Contrast Sensitivity in Multimodal Large Language Models: A Psychophysics-Inspired Evaluation

TL;DR

The paper tackles how multimodal large language models perceive low-level visual structure by adapting human psychophysics to MLMMs, treating models as end-to-end observers and measuring their contrast sensitivity across spatial frequencies using bandpass-filtered noise. It introduces a prompt-aware, stimulus-driven method that fits Weibull psychometric functions to detectability data and derives CSFs without inspecting internal representations. Key findings show substantial diversity in CSF shapes and scales across models, with some echoing human bandpass patterns and others deviating significantly, and reveal that CSFs are sensitive to prompt phrasing while still predicting downstream robustness under frequency-based perturbations. The work positions CSF profiling as a scalable diagnostic tool for perceptual evaluation, with practical implications for robustness, prompt design, and future perceptual-alignment frameworks in multimodal systems, and it discusses limitations and avenues for naturalistic stimuli and broader benchmarking.

Abstract

Understanding how Multimodal Large Language Models (MLLMs) process low-level visual features is critical for evaluating their perceptual abilities and has not been systematically characterized. Inspired by human psychophysics, we introduce a behavioural method for estimating the Contrast Sensitivity Function (CSF) in MLLMs by treating them as end-to-end observers. Models are queried with structured prompts while viewing noise-based stimuli filtered at specific spatial frequencies. Psychometric functions are derived from the binary verbal responses, and contrast thresholds (and CSFs) are obtained without relying on internal activations or classifier-based proxies. Our results reveal that some models resemble human CSFs in shape or scale, but none capture both.
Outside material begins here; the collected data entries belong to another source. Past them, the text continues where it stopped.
(* Let $[L_1],[L_2],[L_3]\in\mathfrak B_3^0$ be distinct, and suppose the lines between $[L_1]$ and $[L_2]$ and between $[L_1]$ and $[L_3]$ are both unbent. Then either the three classes lie in a single apartment, or there exist a basis $e_1,e_2,e_3$ of $L_1$ and integers $t,s,u$ with $0<t<s$ and $t<u$ such that, after possibly exchanging $[L_2]$ and $[L_3]$, the classes $[L_2],[L_3]$ have representatives of one of the following forms: (i) $L_2=R\{e_1,\pi^se_2,\pi^se_3\}$ and $L_3=R\{e_1+\pi^te_2,\pi^ue_2,\pi^ue_3\}$; (ii) $L_2=R\{e_1,\pi^se_2,\pi^se_3\}$ and $L_3=R\{e_1+\pi^te_3,e_2,\pi^ue_3\}$; (iii) $L_2=R\{e_1,e_2,\pi^se_3\}$ and $L_3=R\{e_1+\pi^te_3,e_2,\pi^ue_3\}$. Here $R\{f_1,f_2,f_3\}$ denotes the $R$-span of $f_1,f_2,f_3$.
   Context: Let $K$ be a field with a discrete valuation $v\colon K^*\to\mathbb Z$, valuation ring $R$, residue field $k$ and uniformizer $\pi$. Let $V$ be a $3$-dimensional $K$-vector space. A lattice is an $R$-submodule of $V$ free of rank $3$; $\mathfrak B_3^0$ is the set of homothety classes $[L]=\{\alpha L:\alpha\in K^*\}$ of lattices. A set of classes lies in a single apartment if there is a basis $f_1,f_2,f_3$ of $V$ such that every class in the set is represented by a lattice $\pi^{m_1}Rf_1+\pi^{m_2}Rf_2+\pi^{m_3}Rf_3$ with $m_i\in\mathbb Z$. For distinct $[L],[M]\in\mathfrak B_3^0$ choose (by the elementary divisor theorem) a basis $e_1,e_2,e_3$ of $V$ and integers $m_1\le m_2\le m_3$ with $L=Re_1+Re_2+Re_3$, $M=\pi^{m_1}Re_1+\pi^{m_2}Re_2+\pi^{m_3}Re_3$; the line between $[L]$ and $[M]$ is bent if $m_1<m_2<m_3$ and unbent otherwise. *)

theory Defs
  imports "HOL-Analysis.Finite_Cartesian_Product"
begin

text \<open>The 3-dimensional K-vector space V is modelled as K^3 = 'a^3.
  The valuation is v restricted to nonzero elements.\<close>

definition discrete_valuation :: "('a::field \<Rightarrow> int) \<Rightarrow> bool" where
  "discrete_valuation v \<longleftrightarrow>
     (\<forall>x y. x \<noteq> 0 \<longrightarrow> y \<noteq> 0 \<longrightarrow> v (x * y) = v x + v y) \<and>
     (\<forall>x y. x \<noteq> 0 \<longrightarrow> y \<noteq> 0 \<longrightarrow> x + y \<noteq> 0 \<longrightarrow> min (v x) (v y) \<le> v (x + y)) \<and>
     (\<forall>n. \<exists>x. x \<noteq> 0 \<and> v x = n)"

definition valring :: "('a::field \<Rightarrow> int) \<Rightarrow> 'a set" where
  "valring v = {x. x = 0 \<or> 0 \<le> v x}"

definition sm :: "'a::field \<Rightarrow> 'a^3 \<Rightarrow> 'a^3" where
  "sm c x = (\<chi> i. c * x $ i)"

definition lincomb :: "'a::field \<Rightarrow> 'a \<Rightarrow> 'a \<Rightarrow> 'a^3 \<Rightarrow> 'a^3 \<Rightarrow> 'a^3 \<Rightarrow> 'a^3" where
  "lincomb a b c f1 f2 f3 = sm a f1 + sm b f2 + sm c f3"

definition kbasis :: "'a::field^3 \<Rightarrow> 'a^3 \<Rightarrow> 'a^3 \<Rightarrow> bool" where
  "kbasis f1 f2 f3 \<longleftrightarrow> (\<forall>x. \<exists>a b c. x = lincomb a b c f1 f2 f3) \<and>
     (\<forall>a b c. lincomb a b c f1 f2 f3 = 0 \<longrightarrow> a = 0 \<and> b = 0 \<and> c = 0)"

definition Rspan :: "('a::field \<Rightarrow> int) \<Rightarrow> 'a^3 \<Rightarrow> 'a^3 \<Rightarrow> 'a^3 \<Rightarrow> ('a^3) set" where
  "Rspan v f1 f2 f3 = {lincomb a b c f1 f2 f3 | a b c.
      a \<in> valring v \<and> b \<in> valring v \<and> c \<in> valring v}"

text \<open>A lattice: R-submodule free of rank 3, i.e. the R-span of an R-basis, which is a K-basis.\<close>
definition is_lattice :: "('a::field \<Rightarrow> int) \<Rightarrow> ('a^3) set \<Rightarrow> bool" where
  "is_lattice v L \<longleftrightarrow> (\<exists>f1 f2 f3. kbasis f1 f2 f3 \<and> L = Rspan v f1 f2 f3)"

definition homothetic :: "('a::field^3) set \<Rightarrow> ('a^3) set \<Rightarrow> bool" where
  "homothetic L M \<longleftrightarrow> (\<exists>\<alpha>. \<alpha> \<noteq> 0 \<and> M = sm \<alpha> ` L)"

text \<open>The line between [L] and [M] is unbent: elementary divisor form with exponents
  m1 \<le> m2 \<le> m3 not strictly increasing.\<close>
definition unbent :: "('a::field \<Rightarrow> int) \<Rightarrow> 'a \<Rightarrow> ('a^3) set \<Rightarrow> ('a^3) set \<Rightarrow> bool" where
  "unbent v \<pi> L M \<longleftrightarrow> (\<exists>e1 e2 e3 m1 m2 m3. kbasis e1 e2 e3 \<and> L = Rspan v e1 e2 e3 \<and>
      M = Rspan v (sm (\<pi> powi m1) e1) (sm (\<pi> powi m2) e2) (sm (\<pi> powi m3) e3) \<and>
      m1 \<le> m2 \<and> m2 \<le> m3 \<and> \<not> (m1 < m2 \<and> m2 < m3))"

definition in_apartment :: "('a::field \<Rightarrow> int) \<Rightarrow> 'a \<Rightarrow> ('a^3) set set \<Rightarrow> bool" where
  "in_apartment v \<pi> S \<longleftrightarrow> (\<exists>f1 f2 f3. kbasis f1 f2 f3 \<and> (\<forall>L\<in>S. \<exists>m1 m2 m3.
      homothetic L (Rspan v (sm (\<pi> powi m1) f1) (sm (\<pi> powi m2) f2) (sm (\<pi> powi m3) f3))))"

end

theory Submission
  imports Defs
begin

(* Fix L1 = R{e1,e2,e3}.  An unbent line from [L1] to [L2] means that, up to
   homothety, L2 is of "line type" R{e1, pi^s e2, pi^s e3} or of "point type"
   R{e1, e2, pi^s e3} with s > 0, for a suitable basis e of L1.  Hence there are three cases
   (line/line, line/point, point/point; point/line is symmetric), with L3 written in its own
   normal form with respect to a second basis f of L1.  In every case one expresses a vector
   of one basis in the other basis; the coordinates lie in R and one of them is a unit.
   Either a unit sits in a position that lets the two bases be merged into one basis
   exhibiting all three lattices (a common apartment), or, after unimodular changes of basis,
   the pair L2, L3 takes the shape
       L2 = R{e1, pi^a e2, pi^s e3},   L3 = R{e1 + c e3, pi^b e2, pi^u e3}
   with c a non-unit and (a, b) one of (s, u), (s, 0), (0, 0).  The lemma shear_pair treats
   this shape once and for all: if v(c) >= s or v(c) >= u the shear is absorbed by L2 or by L3
   and the three lattices lie in an apartment, otherwise 0 < v(c) < s, u and the pair is one
   of the special forms (i)-(iii). *)

section \<open>Discrete valuations with a uniformizer\<close>

locale uniformized_valuation =
  fixes v :: "'a::field \<Rightarrow> int" and p :: 'a
  assumes discrete: "discrete_valuation v" and p_nonzero: "p \<noteq> 0" and v_p: "v p = 1"
begin

declare p_nonzero [simp]

abbreviation R :: "'a set" where "R \<equiv> valring v"

definition vunit :: "'a \<Rightarrow> bool" where "vunit x \<longleftrightarrow> x \<noteq> 0 \<and> v x = 0"

lemma v_mult: "x \<noteq> 0 \<Longrightarrow> y \<noteq> 0 \<Longrightarrow> v (x * y) = v x + v y"
  using discrete unfolding discrete_valuation_def by blast

lemma v_add: "x \<noteq> 0 \<Longrightarrow> y \<noteq> 0 \<Longrightarrow> x + y \<noteq> 0 \<Longrightarrow> min (v x) (v y) \<le> v (x + y)"
  using discrete unfolding discrete_valuation_def by blast

lemma v_one: "v 1 = 0"
  using v_mult[of 1 1] by simp

lemma v_inverse: "x \<noteq> 0 \<Longrightarrow> v (inverse x) = - v x"
  using v_mult[of x "inverse x"] v_one by simp

lemma v_divide: "x \<noteq> 0 \<Longrightarrow> y \<noteq> 0 \<Longrightarrow> v (x / y) = v x - v y"
  by (simp add: divide_inverse v_mult v_inverse)

lemma v_uminus: "x \<noteq> 0 \<Longrightarrow> v (- x) = v x"
proof -
  have "v (-1) = 0" using v_mult[of "-1" "-1"] v_one by simp
  then show "x \<noteq> 0 \<Longrightarrow> v (- x) = v x" using v_mult[of "-1" x] by simp
qed

lemma v_power_int: "v (p powi n) = n"
proof -
  have nat_pow: "v (p ^ k) = int k" for k
    by (induction k) (auto simp: v_one v_mult v_p)
  show ?thesis
    by (cases "n \<ge> 0") (simp_all add: power_int_def nat_pow power_inverse v_inverse)
qed

lemma mem_R: "x \<in> R \<longleftrightarrow> x = 0 \<or> 0 \<le> v x"
  by (simp add: valring_def)

lemma R_zero [simp]: "0 \<in> R" and R_one [simp]: "1 \<in> R"
  by (simp_all add: mem_R v_one)

lemma R_mult [simp, intro]: "x \<in> R \<Longrightarrow> y \<in> R \<Longrightarrow> x * y \<in> R"
  by (cases "x = 0"; cases "y = 0") (auto simp: mem_R v_mult)

lemma R_uminus [simp]: "- x \<in> R \<longleftrightarrow> x \<in> R"
  by (cases "x = 0") (auto simp: mem_R v_uminus)

lemma R_add [simp, intro]: "x \<in> R \<Longrightarrow> y \<in> R \<Longrightarrow> x + y \<in> R"
  using v_add[of x y] by (cases "x = 0"; cases "y = 0"; cases "x + y = 0") (auto simp: mem_R)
We also find that CSF estimates are highly sensitive to prompt phrasing, indicating limited linguistic robustness. Finally, we show that CSFs predict model performance under frequency-filtered and adversarial conditions. These findings highlight systematic differences in frequency tuning across MLLMs and establish CSF estimation as a scalable diagnostic tool for multimodal perception.

Figures (7)

• Figure 1: Method summary: Overview of the proposed psychophysics-inspired method for estimating contrast sensitivity functions (CSFs) in multimodal large language models (MLLMs). Models are presented with bandpass-filtered noise images at varying spatial frequencies and contrast levels, accompanied by natural language prompts. The binary (“yes/no”) responses are used to build psychometric functions, from which contrast detection thresholds are extracted. CSFs are computed as the inverse of these thresholds and analyzed across models and prompts.
• Figure 2: Psychometric functions fitted: Example of the psychometric functions fitted with the model's experimental data. Blue points correspond with the percentage of affirmative model answers for each contrast. The orange line is the fitted psychometric function, independent for each frequency. Finally, the red lines mark the 50% detection point and the associated contrast threshold. In this case, the results are from the model Qwen2.5VL-7B with the prompt “$<$image$>$ Is there an observable pattern in the image? Respond just yes or no”.
• Figure 3: Average contrast sensitivity functions (CSFs) for all tested models: Each curve represents the average CSF across 25 prompt variants per spatial frequency. Note that we used log-log scales for better visualization. The human CSF (of the Standard Spatial Observer Watson02) is included for reference as the dark blue line.
• Figure 4: Prompt sensitivity and consistency across models Left: average entropy of model responses across 25 prompt formulations, indicating how much a model’s detection behaviour varies with phrasing (higher values = less stable). Right: prompt consistency, computed as the mean pairwise agreement between prompt responses per contrast–frequency condition (higher values = more stable). These metrics quantify how robust each model’s CSF estimation is to natural language variation in the query.
• Figure 5: Frequency-specific adversarial and filtered images: Example of the adversarial (top) and filtered (bottom) effect on an image depending on the filtered frequency band (columns) and the induced variance (rows).